- Stored data
[Start of section]

(* Let $a,b\in\mathcal{A}$ be distinct with $p_a>0$ and $p_b>0$, and let $S$ be a scoring function. Assume there exist constants $\Delta>0$ and $\alpha>0$ such that for all $n$ large enough $$P\left(E[\tilde{L}_n(S)-L_n(S)\mid X,Y]\geq\Delta\right)\geq 1-n^{-\alpha\ln(n)}.$$ Then $\mathrm{VAR}[L_n(S)]=\Theta(n)$, i.e. there are constants $0<c\le C$ with $cn\le \mathrm{VAR}[L_n(S)]\le Cn$ for all $n$ large enough.
   Context: Let $\mathcal{A}$ be a finite alphabet and $\mathcal{A}^*=\mathcal{A}\cup\{G\}$, where $G$ is a gap symbol. A scoring function is a symmetric map $S:\mathcal{A}^*\times\mathcal{A}^*\to\mathbb{R}$. For strings $x=x_1\dots x_m$, $y=y_1\dots y_{m'}$ over $\mathcal{A}$, an alignment $\pi$ is a sequence $((\mu_1,\nu_1),\dots,(\mu_k,\nu_k))$, $k\ge0$, with $1\le\mu_1<\dots<\mu_k\le m$ and $1\le\nu_1<\dots<\nu_k\le m'$; its score is $S_\pi(x,y)=\sum_{i=1}^k S(x_{\mu_i},y_{\nu_i})+\sum_{j\notin\{\mu_i\}}S(x_j,G)+\sum_{j\notin\{\nu_i\}}S(G,y_j)$, and $L_S(x,y)=\max_\pi S_\pi(x,y)$. Let $X=X_1\dots X_n$, $Y=Y_1\dots Y_n$ where all $2n$ letters are i.i.d. with $P(X_i=c)=P(Y_j=c)=p_c$. Put $L_n(S)=L_S(X,Y)$. For fixed distinct $a,b$, let $N_a$ be the total number of occurrences of $a$ in $X$ and $Y$ combined; if $N_a\ge1$, choose one of these occurrences uniformly at random and replace it by $b$, giving $(\tilde X,\tilde Y)$ (if $N_a=0$ set $(\tilde X,\tilde Y)=(X,Y)$), and let $\tilde L_n(S)=L_S(\tilde X,\tilde Y)$. *)

theory Defs
  imports "HOL-Probability.Probability"
begin

text \<open>Alphabet: a finite type 'a. The extended alphabet with the gap symbol G is
 'a option, where None plays the role of G and Some c the letter c.\<close>

definition symmetric_score :: "('a option \<Rightarrow> 'a option \<Rightarrow> real) \<Rightarrow> bool" where
  "symmetric_score S \<longleftrightarrow> (\<forall>u v. S u v = S v u)"

definition alignments :: "nat \<Rightarrow> nat \<Rightarrow> (nat \<times> nat) list set" where
  "alignments m m' = {\<pi>. sorted_wrt (\<lambda>(i,j) (k,l). i < k \<and> j < l) \<pi> \<and>
                         (\<forall>(i,j)\<in>set \<pi>. i < m \<and> j < m')}"

definition align_score ::
  "('a option \<Rightarrow> 'a option \<Rightarrow> real) \<Rightarrow> 'a list \<Rightarrow> 'a list \<Rightarrow> (nat \<times> nat) list \<Rightarrow> real" where
  "align_score S x y \<pi> =
     (\<Sum>(i,j)\<leftarrow>\<pi>. S (Some (x!i)) (Some (y!j)))
   + (\<Sum>i\<in>{..<length x} - fst ` set \<pi>. S (Some (x!i)) None)
   + (\<Sum>j\<in>{..<length y} - snd ` set \<pi>. S None (Some (y!j)))"

definition opt_score :: "('a option \<Rightarrow> 'a option \<Rightarrow> real) \<Rightarrow> 'a list \<Rightarrow> 'a list \<Rightarrow> real" where
  "opt_score S x y = Max (align_score S x y ` alignments (length x) (length y))"

fun word_pmf :: "'a pmf \<Rightarrow> nat \<Rightarrow> 'a list pmf" where
  "word_pmf D 0 = return_pmf []"
| "word_pmf D (Suc n) = bind_pmf D (\<lambda>c. map_pmf (Cons c) (word_pmf D n))"

definition XY_pmf :: "'a pmf \<Rightarrow> nat \<Rightarrow> ('a list \<times> 'a list) pmf" where
  "XY_pmf D n = pair_pmf (word_pmf D n) (word_pmf D n)"

definition occurrences :: "'a \<Rightarrow> 'a list \<Rightarrow> 'a list \<Rightarrow> (nat + nat) set" where
  "occurrences a x y = Inl ` {i. i < length x \<and> x!i = a} \<union> Inr ` {j. j < length y \<and> y!j = a}"

definition replace_at :: "'a \<Rightarrow> 'a list \<Rightarrow> 'a list \<Rightarrow> nat + nat \<Rightarrow> 'a list \<times> 'a list" where
  "replace_at b x y k = (case k of Inl i \<Rightarrow> (x[i := b], y) | Inr j \<Rightarrow> (x, y[j := b]))"

text \<open>Conditional distribution of (X~,Y~) given (X,Y)=(x,y).\<close>
definition perturb_pmf :: "'a \<Rightarrow> 'a \<Rightarrow> 'a list \<Rightarrow> 'a list \<Rightarrow> ('a list \<times> 'a list) pmf" where
  "perturb_pmf a b x y =
     (if occurrences a x y = {} then return_pmf (x, y)
      else map_pmf (replace_at b x y) (pmf_of_set (occurrences a x y)))"

text \<open>E[L~_n(S) - L_n(S) | X = x, Y = y].\<close>
definition cond_increment ::
  "('a option \<Rightarrow> 'a option \<Rightarrow> real) \<Rightarrow> 'a \<Rightarrow> 'a \<Rightarrow> 'a list \<Rightarrow> 'a list \<Rightarrow> real" where
  "cond_increment S a b x y =
     measure_pmf.expectation (perturb_pmf a b x y) (\<lambda>(x', y'). opt_score S x' y' - opt_score S x y)"

end

theory Submission
  imports Defs
begin

text \<open>
  Upper bound: changing one letter changes the score of every alignment, hence the optimal score
  \<open>L\<^sub>n\<close>, by at most \<open>4K\<close>, where \<open>K\<close> bounds \<open>\<bar>S\<bar>\<close>; the Efron--Stein inequality over the \<open>2n\<close>
  independent letters gives \<open>VAR L\<^sub>n \<le> 2n (4K)\<^sup>2\<close>.

  Lower bound: writing \<open>b\<close> instead of \<open>a\<close> at a fixed position maps the configurations with \<open>a\<close>
  there onto those with \<open>b\<close> there and multiplies probabilities by \<open>p\<^sub>b / p\<^sub>a\<close>. Summed over all
  positions, this change of measure gives for every statistic \<open>g\<close>
    \<open>E[\<Sum>\<^sub>k (g(replace k) - g)] = E[W g]\<close>,  \<open>W = (p\<^sub>a / p\<^sub>b) N\<^sub>b - N\<^sub>a\<close>,
  where \<open>k\<close> runs over the occurrences of \<open>a\<close> and \<open>N\<^sub>c\<close> counts the letters \<open>c\<close> in \<open>X\<close> and \<open>Y\<close>.
  For \<open>g = L\<^sub>n\<close> the left side is \<open>E[N\<^sub>a E[L\<^sub>n' - L\<^sub>n | X, Y]]\<close>, which the hypothesis (with the
  increment bounded by \<open>4K\<close>) makes at least \<open>n \<Delta> p\<^sub>a\<close>. For \<open>g = 1\<close> and \<open>g = W\<close> it gives
  \<open>E W = 0\<close> and \<open>E W\<^sup>2 = 2n p\<^sub>a (1 + p\<^sub>a / p\<^sub>b)\<close>, so by Cauchy--Schwarz
  \<open>VAR L\<^sub>n \<ge> E[W L\<^sub>n]\<^sup>2 / E W\<^sup>2 \<ge> c n\<close>.
\<close>

definition words :: "nat \<Rightarrow> 'a list set" where "words n = {xs. length xs = n}"

definition word_weight :: "'a pmf \<Rightarrow> 'a list \<Rightarrow> real" where "word_weight D xs = prod_list (map (pmf D) xs)"

lemma finite_words: "finite (words n :: 'a::finite list set)"
  using finite_lists_length_eq[of "UNIV::'a set" n] by (simp add: words_def)

lemma word_weight_Nil[simp]: "word_weight D [] = 1"
  by (simp add: word_weight_def)

lemma word_weight_Cons[simp]: "word_weight D (c # xs) = pmf D c * word_weight D xs"
  by (simp add: word_weight_def)

lemma word_weight_append: "word_weight D (xs @ ys) = word_weight D xs * word_weight D ys"
  by (simp add: word_weight_def)

lemma word_weight_nonneg: "word_weight D xs \<ge> 0"
  by (induction xs) auto

lemma pmf_word_pmf: "pmf (word_pmf D n) xs = (if length xs = n then word_weight D xs else 0)"
proof (induction n arbitrary: xs)
  case 0
  then show ?case by (auto simp: word_weight_def)
next
  case (Suc n)
  show ?case
  proof (cases xs)
    case Nil
    have "pmf (word_pmf D (Suc n)) [] = 0"
      by (auto simp: pmf_eq_0_set_pmf)
    then show ?thesis using Nil by simp
  next
    case (Cons d ys)
    have "pmf (map_pmf (Cons c) (word_pmf D n)) (d # ys) = (if c = d then pmf (word_pmf D n) ys else 0)" for c
    proof (cases "c = d")
      case True then show ?thesis using pmf_map_inj'[of "Cons c" "word_pmf D n" ys] by (simp add: inj_def)
    next
      case False then show ?thesis by (auto simp: pmf_eq_0_set_pmf)
    qed
    then have "pmf (word_pmf D (Suc n)) xs = (\<integral>c. (if c = d then pmf (word_pmf D n) ys else 0) \<partial>measure_pmf D)"
      using Cons by (simp add: pmf_bind)
    also have "\<dots> = (\<integral>c. indicator {d} c * pmf (word_pmf D n) ys \<partial>measure_pmf D)"
      by (intro Bochner_Integration.integral_cong) (auto simp: indicator_def)
    also have "\<dots> = pmf D d * pmf (word_pmf D n) ys"
      by (simp add: measure_pmf_single)
    finally show ?thesis using Suc Cons by (simp add: word_weight_def)
  qed
qed

lemma sum_pmf_UNIV: "(\<Sum>c\<in>(UNIV::'a::finite set). pmf D c) = 1"
  by (rule sum_pmf_eq_1) auto

lemma sum_words_Suc:
  "(\<Sum>x\<in>words (Suc n). h x) = (\<Sum>c\<in>(UNIV::'a::finite set). \<Sum>z\<in>words n. h (c # z))"
proof -
  have eq: "words (Suc n) = (\<lambda>(c,z). c # z) ` (UNIV \<times> words n)"
    by (auto simp: words_def length_Suc_conv image_iff)
  have inj: "inj_on (\<lambda>(c,z). c # z) (UNIV \<times> (words n :: 'a list set))"
    by (auto simp: inj_on_def)
  have "(\<Sum>x\<in>words (Suc n). h x) = (\<Sum>p\<in>UNIV \<times> words n. h (fst p # snd p))"
    by (subst eq, subst sum.reindex[OF inj]) (simp add: split_beta)
  also have "\<dots> = (\<Sum>c\<in>UNIV. \<Sum>z\<in>words n. h (c # z))"
    by (simp add: sum.cartesian_product split_beta)
  finally show ?thesis .
qed

lemma sum_word_weight: "(\<Sum>x\<in>words n. word_weight D x) = (1::real)" for D :: "'a::finite pmf"
proof (induction n)
  case 0
  have "words 0 = {[] :: 'a list}" by (auto simp: words_def)
  then show ?case by simp
next
  case (Suc n)
  have "(\<Sum>x\<in>words (Suc n). word_weight D x) = (\<Sum>c\<in>UNIV. pmf D c * (\<Sum>z\<in>words n. word_weight D z))"
    by (simp add: sum_words_Suc sum_distrib_left)
  then show ?case using Suc by (simp add: sum_pmf_UNIV)
qed

lemma sum_word_weight_nth:
  fixes D :: "'a::finite pmf"
  shows "i < n \<Longrightarrow> (\<Sum>x\<in>words n. if x ! i = c then word_weight D x else 0) = pmf D c"
proof (induction n arbitrary: i)
  case 0 then show ?case by simp
next
  case (Suc n)
  show ?case
  proof (cases i)
    case 0
    have "(\<Sum>x\<in>words (Suc n). if x ! i = c then word_weight D x else 0)
        = (\<Sum>d\<in>UNIV. \<Sum>z\<in>words n. if d = c then word_weight D (d # z) else 0)"
      using 0 by (simp add: sum_words_Suc)
    also have "\<dots> = (\<Sum>d\<in>UNIV. if d = c then pmf D d * (\<Sum>z\<in>words n. word_weight D z) else 0)"
      by (intro sum.cong refl) (simp add: sum_distrib_left)
    also have "\<dots> = pmf D c" by (simp add: sum_word_weight)
    finally show ?thesis .
  next
    case (Suc j)
    have "(\<Sum>x\<in>words (Suc n). if x ! i = c then word_weight D x else 0)
        = (\<Sum>d\<in>UNIV. pmf D d * (\<Sum>z\<in>words n. if z ! j = c then word_weight D z else 0))"
      using Suc by (simp add: sum_words_Suc sum_distrib_left if_distrib cong: if_cong)
    also have "\<dots> = pmf D c" using Suc.IH[of j] Suc.prems Suc by (simp add: sum_pmf_UNIV flip: sum_distrib_right)
    finally show ?thesis .
  qed
qed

[End of section]

- REQUIRED ACTION
How many of the lines above hold "letters"? Answer with only the number.

- ANSWER SECTION
3